I falsify the annals for those Northiam days – indeed, of all those late adolescent months of ‘43 and ‘44 – if, fearing an excess of self, I omit the mood of the time and my own state of mind. Everyone knew that the Allied invasion of the Continent could not be long delayed. Night after night the pubs of the southern counties of England were thronged with the soldiery of half the world. Night and day the roads grew ever more congested with wheeled and tracked machinery of every shape and purpose, painted in green and displaying the allied white star. As 1944 wore on, with the cuckoo calling and summer icumen in, anyone in an active service unit was aware that in weeks, if not days, the hitting for six must begin. For many a very young man it was a time for Rupert Brooke (“If I should die, think only this of me…”) and the lodging of last letters with his bank.

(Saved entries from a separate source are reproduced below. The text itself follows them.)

text \<open>
  For i = j, the last defining relation identifies all diagonal contractions with the one for
  i = 1, which is det_q^(1).
\<close>

lemma contraction_in_ideal:
  fixes q qi :: "'r::comm_ring_1"
  assumes "n \<ge> 1" "i \<in> {1..n}" "j \<in> {1..n}"
  shows "(\<Sum>l\<in>{1..n}. mono ([(i, l)], [(j, l)])) \<in> ideal_gen (det1_rels n q qi)"
proof (cases "i = j")
  case False
  have "asum (\<lambda>k. amul (X i k) (Xs j k)) {1..n} \<in> rels n q qi"
    unfolding rels_def using assms False by blast
  then show ?thesis by (intro ideal_gen.gen) (simp add: asum_eq_sum amul_X_Xs)
next
  case True
  define T where "T = asum (\<lambda>k. asmult (q ^ (2 * k) * qi ^ (2 * 1)) (amul (X k 1) (Xs k 1))) {1..n}"
  define E where "E a = (\<Sum>l\<in>{1..n}. (mono ([(a, l)], [(a, l)]) :: 'r elt))" for a :: nat
  have "asub T (asum (\<lambda>k. amul (X a k) (Xs a k)) {1..n}) \<in> rels n q qi" if "a \<in> {1..n}" for a
  proof -
    have "(1::nat) \<in> {1..n}" using assms(1) by simp
    then show ?thesis unfolding rels_def T_def using that by blast
  qed
  then have TE: "T - E a \<in> ideal_gen (det1_rels n q qi)" if "a \<in> {1..n}" for a
    using that by (intro ideal_gen.gen) (simp add: asub_eq_minus asum_eq_sum amul_X_Xs E_def)
  have "E 1 \<in> ideal_gen (det1_rels n q qi)"
    by (rule ideal_gen.gen) (simp add: qdet1_def asum_eq_sum amul_X_Xs E_def)
  with TE[of 1] TE[of j] assms have "(T - E 1) - (T - E j) + E 1 \<in> ideal_gen (det1_rels n q qi)"
    by (intro ideal_gen_add[OF ideal_gen_diff]) simp_all
  then show ?thesis using True by (simp add: E_def)
qed

lemma contraction_in_ideal_context:
  assumes "n \<ge> 1" "i \<in> {1..n}" "j \<in> {1..n}"
  shows "(\<Sum>l\<in>{1..n}. mono (lx @ (i, l) # rx, ly @ (j, l) # ry)) \<in> ideal_gen (det1_rels n q qi)"
proof -
  have "(\<Sum>l\<in>{1..n}. mono (lx @ (i, l) # rx, ly @ (j, l) # ry)) =
     amul (amul (mono (lx, ly)) (\<Sum>l\<in>{1..n}. mono ([(i, l)], [(j, l)]))) (mono (rx, ry))"
    by (simp add: amul_sum_left amul_sum_right amul_mono_mono)
  also have "\<dots> \<in> ideal_gen (det1_rels n q qi)" by (intro ideal_gen_amul_mono_right ideal_gen_amul_mono_left contraction_in_ideal assms)
  finally show ?thesis .
qed

lemma contraction_cong_complement:
  assumes "n \<ge> 1" "i \<in> {1..n}" "j \<in> {1..n}" "D \<subseteq> {1..n}"
  shows "cong_ideal (det1_rels n q qi) (\<Sum>l\<in>D. mono (lx @ (i, l) # rx, ly @ (j, l) # ry))
     (- (\<Sum>l\<in>{1..n} - D. mono (lx @ (i, l) # rx, ly @ (j, l) # ry)))"
proof -
  have tot: "(\<Sum>l\<in>D. mono (lx @ (i, l) # rx, ly @ (j, l) # ry)) + (\<Sum>l\<in>{1..n} - D. mono (lx @ (i, l) # rx, ly @ (j, l) # ry))
     = (\<Sum>l\<in>{1..n}. mono (lx @ (i, l) # rx, ly @ (j, l) # ry))"
    using assms(4) by (subst sum.union_disjoint[symmetric]) (auto intro: finite_subset simp: Un_Diff_cancel2 Un_absorb2 Un_commute[of D])
  show ?thesis unfolding cong_ideal_def diff_minus_eq_add tot by (rule contraction_in_ideal_context[OF assms(1-3)])
qed

definition tuples :: "nat \<Rightarrow> nat set \<Rightarrow> nat list set" where
  "tuples k D = {xs. set xs \<subseteq> D \<and> length xs = k}"

lemma finite_tuples: "finite D \<Longrightarrow> finite (tuples k D)"
  unfolding tuples_def by (rule finite_lists_length_eq)

lemma sum_tuples_Suc:
  assumes "finite D"
  shows "(\<Sum>K\<in>tuples (Suc k) D. f K) = (\<Sum>l\<in>D. \<Sum>K\<in>tuples k D. f (l # K))"
proof -
  have e: "tuples (Suc k) D = (\<lambda>(l, K). l # K) ` (D \<times> tuples k D)"
  proof (rule set_eqI)
    fix xs show "xs \<in> tuples (Suc k) D \<longleftrightarrow> xs \<in> (\<lambda>(l, K). l # K) ` (D \<times> tuples k D)"
      unfolding tuples_def by (cases xs) (auto simp: image_iff)
  qed
  have inj: "inj_on (\<lambda>(l, K). l # K) (D \<times> tuples k D)" by (auto simp: inj_on_def)
  show ?thesis unfolding e sum.reindex[OF inj] sum.cartesian_product by (rule sum.cong) (auto simp: split_beta)
qed

lemma sum_tuples_0: "(\<Sum>K\<in>tuples 0 D. f K) = f []"
proof -
  have "tuples 0 D = {[]}" unfolding tuples_def by auto
  then show ?thesis by simp
qed

text \<open>
  The last x-factor and the first x*-factor carry the same column index, so that index is
  contracted in place and the induction proceeds with the remaining factors.
\<close>

lemma tuple_contraction_cong_complement:
  fixes q qi :: "'r::comm_ring_1"
  assumes n: "n \<ge> 1" and D: "D \<subseteq> {1..n}"
  shows "length a = k \<Longrightarrow> length b = k \<Longrightarrow> set a \<subseteq> {1..n} \<Longrightarrow> set b \<subseteq> {1..n} \<Longrightarrow>
    cong_ideal (det1_rels n q qi) (\<Sum>K\<in>tuples k D. mono (lx @ zip a (rev K) @ rx, ly @ zip b K @ ry))
     (scalar ((-1) ^ k) * (\<Sum>K\<in>tuples k ({1..n} - D). mono (lx @ zip a (rev K) @ rx, ly @ zip b K @ ry)))"
proof (induct k arbitrary: a b rx ly)
  case 0
  then show ?case unfolding sum_tuples_0 by (simp add: scalar_one)
next
  case (Suc k)
  obtain a' la where a: "a = a' @ [la]" using Suc(2) by (metis length_Suc_conv_rev)
  obtain hb b' where b: "b = hb # b'" using Suc(3) by (metis length_Suc_conv)
  have la: "la \<in> {1..n}" and hb: "hb \<in> {1..n}" using Suc(4,5) a b by auto
  have la': "length a' = k" "length b' = k" "set a' \<subseteq> {1..n}" "set b' \<subseteq> {1..n}" using Suc(2-5) a b by auto
  have fD: "finite D" using D by (rule finite_subset) simp
  have fDc: "finite ({1..n} - D)" by simp
  define F where "F l K = (mono (lx @ zip a' (rev K) @ (la, l) # rx, (ly @ [(hb, l)]) @ zip b' K @ ry) :: 'r elt)" for l K
  have tm: "\<And>l K. length K = k \<Longrightarrow> mono (lx @ zip a (rev (l # K)) @ rx, ly @ zip b (l # K) @ ry) = F l K"
    unfolding F_def a b using la' by simp
  have sumF: "(\<Sum>K\<in>tuples (Suc k) E. mono (lx @ zip a (rev K) @ rx, ly @ zip b K @ ry))
     = (\<Sum>l\<in>E. \<Sum>K\<in>tuples k E. F l K)" if "finite E" for E
    unfolding sum_tuples_Suc[OF that] by (intro sum.cong refl tm) (simp add: tuples_def)
  have "cong_ideal (det1_rels n q qi) (\<Sum>l\<in>D. \<Sum>K\<in>tuples k D. F l K) (\<Sum>l\<in>D. scalar ((-1) ^ k) * (\<Sum>K\<in>tuples k ({1..n} - D). F l K))"
    unfolding F_def by (intro cong_ideal_sum Suc(1) la')
  also have "(\<Sum>l\<in>D. scalar ((-1) ^ k) * (\<Sum>K\<in>tuples k ({1..n} - D). F l K)) =
      scalar ((-1) ^ k) * (\<Sum>K\<in>tuples k ({1..n} - D). \<Sum>l\<in>D. F l K)"
    by (simp add: sum_distrib_left sum.swap[of _ D])
  also have "cong_ideal (det1_rels n q qi) \<dots> (scalar ((-1) ^ k) * (\<Sum>K\<in>tuples k ({1..n} - D). - (\<Sum>l\<in>{1..n} - D. F l K)))"
  proof (intro cong_ideal_scalar cong_ideal_sum)
    fix K
    show "cong_ideal (det1_rels n q qi) (\<Sum>l\<in>D. F l K) (- (\<Sum>l\<in>{1..n} - D. F l K))"
      using contraction_cong_complement[of n la hb D q qi "lx @ zip a' (rev K)" rx ly "zip b' K @ ry", OF n la hb D]
      unfolding F_def by simp
  qed
  also have "scalar ((-1) ^ k) * (\<Sum>K\<in>tuples k ({1..n} - D). - (\<Sum>l\<in>{1..n} - D. F l K)) =
      scalar ((-1) ^ Suc k) * (\<Sum>l\<in>{1..n} - D. \<Sum>K\<in>tuples k ({1..n} - D). F l K)"
  proof -
    have sw: "(\<Sum>K\<in>tuples k ({1..n} - D). \<Sum>l\<in>{1..n} - D. F l K) = (\<Sum>l\<in>{1..n} - D. \<Sum>K\<in>tuples k ({1..n} - D). F l K)"
      by (rule sum.swap)
    show ?thesis unfolding sum_negf sw by (simp add: fun_eq_iff)
  qed
  finally show ?case unfolding sumF[OF fD] sumF[OF fDc] .
qed
lemma card_convex_partitions_Suc:
  "card {\<rho>\<in>set_partitions (Suc n). convex_blocks \<rho>} =
    (if n = 0 then 1 else 2) * card {\<sigma>\<in>set_partitions n. convex_blocks \<sigma>}"
proof -
  have blocks_with_n: "(\<Sum>C\<in>\<sigma>. of_bool (n \<in> C)) = (if n = 0 then 0 else 1 :: nat)"
    if "\<sigma> \<in> set_partitions n" for \<sigma>
    using card_blocks_containing[OF that, of n] set_partitions_finite[OF that] by (simp add: Int_def)
  have "card {\<rho>\<in>set_partitions (Suc n). convex_blocks \<rho>} =
      (\<Sum>\<sigma>\<in>set_partitions n. of_bool (convex_blocks (add_singleton n \<sigma>))
        + (\<Sum>C\<in>\<sigma>. of_bool (convex_blocks (add_to_block n \<sigma> C))))"
    by (simp only: of_nat_card_set_partitions_filter[where 'a = nat, simplified] sum_set_partitions_Suc)
  also have "\<dots> = (\<Sum>\<sigma>\<in>set_partitions n. (if n = 0 then 1 else 2) * of_bool (convex_blocks \<sigma>))"
  proof (rule sum.cong[OF refl])
    fix \<sigma>
    assume \<sigma>: "\<sigma> \<in> set_partitions n"
    have "(\<Sum>C\<in>\<sigma>. of_bool (convex_blocks (add_to_block n \<sigma> C))) =
        of_bool (convex_blocks \<sigma>) * (\<Sum>C\<in>\<sigma>. of_bool (n \<in> C) :: nat)"
      by (simp add: sum_distrib_left convex_blocks_add_to_block[OF \<sigma>] cong: sum.cong)
    then show "of_bool (convex_blocks (add_singleton n \<sigma>)) + (\<Sum>C\<in>\<sigma>. of_bool (convex_blocks (add_to_block n \<sigma> C))) =
        (if n = 0 then 1 else 2) * (of_bool (convex_blocks \<sigma>) :: nat)"
      by (simp add: convex_blocks_add_singleton blocks_with_n[OF \<sigma>])
  qed
  also have "\<dots> = (if n = 0 then 1 else 2) * card {\<sigma>\<in>set_partitions n. convex_blocks \<sigma>}"
    by (simp add: sum_distrib_left[symmetric] of_nat_card_set_partitions_filter[where 'a = nat, simplified])
  finally show ?thesis .
qed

With no specific duties or responsibilities to occupy me, I thought even more than usual of Nicola (let us at last give the ballet dancer a name) and whether (rapture beyond reasonable possibility) I might spend a night with her away from the protective eye of her mother. To this end I went to a well known and especially attractive hotel not far from the camp and – greatly daring; hoping that I did not strike the receptionist as being as gauche as I felt – reserved a double room for two nights of Nicola’s imminent holiday. When she agreed to come I soared into a near delirium of expectation, at frequent intervals tortured by fears of disappointment and failure to live up to my own daring. The fears were well founded. Two days before I was due to meet her off the train at Hastings I was given orders to report without delay to a unit of the Military Police in Colchester. Almost a lifetime on, the scent of lilac is the heartbreaking scent of the blossom that had decorated the foyer of the hotel when I went to make the booking: the scent of spring ‘44. Lilac and laburnum were in bloom and the grass was new green in the park at Northiam as I packed my kit and departed in the rain.

HIATUS

On the fourth day of June it was raining again as I stood in the cabin of a naval launch rolling nauseatingly at anchor off Harwich, a launch that was to carry me, a corporal of the Military Police, a private from the Medical Corps, and a man on a stretcher to an ambulance waiting on a quayside. D-Day ought to have been on June 5th. Two days before, hundreds of thousands of men had been briefed and started to board vessels of every sort in the harbours and anchorages of southern England; vessels that would take them to France. Some fell seriously ill. Because they knew where and when the landings would take place they were a potential security risk and had to be escorted by an officer to a hospital bed in a secure medical unit ashore.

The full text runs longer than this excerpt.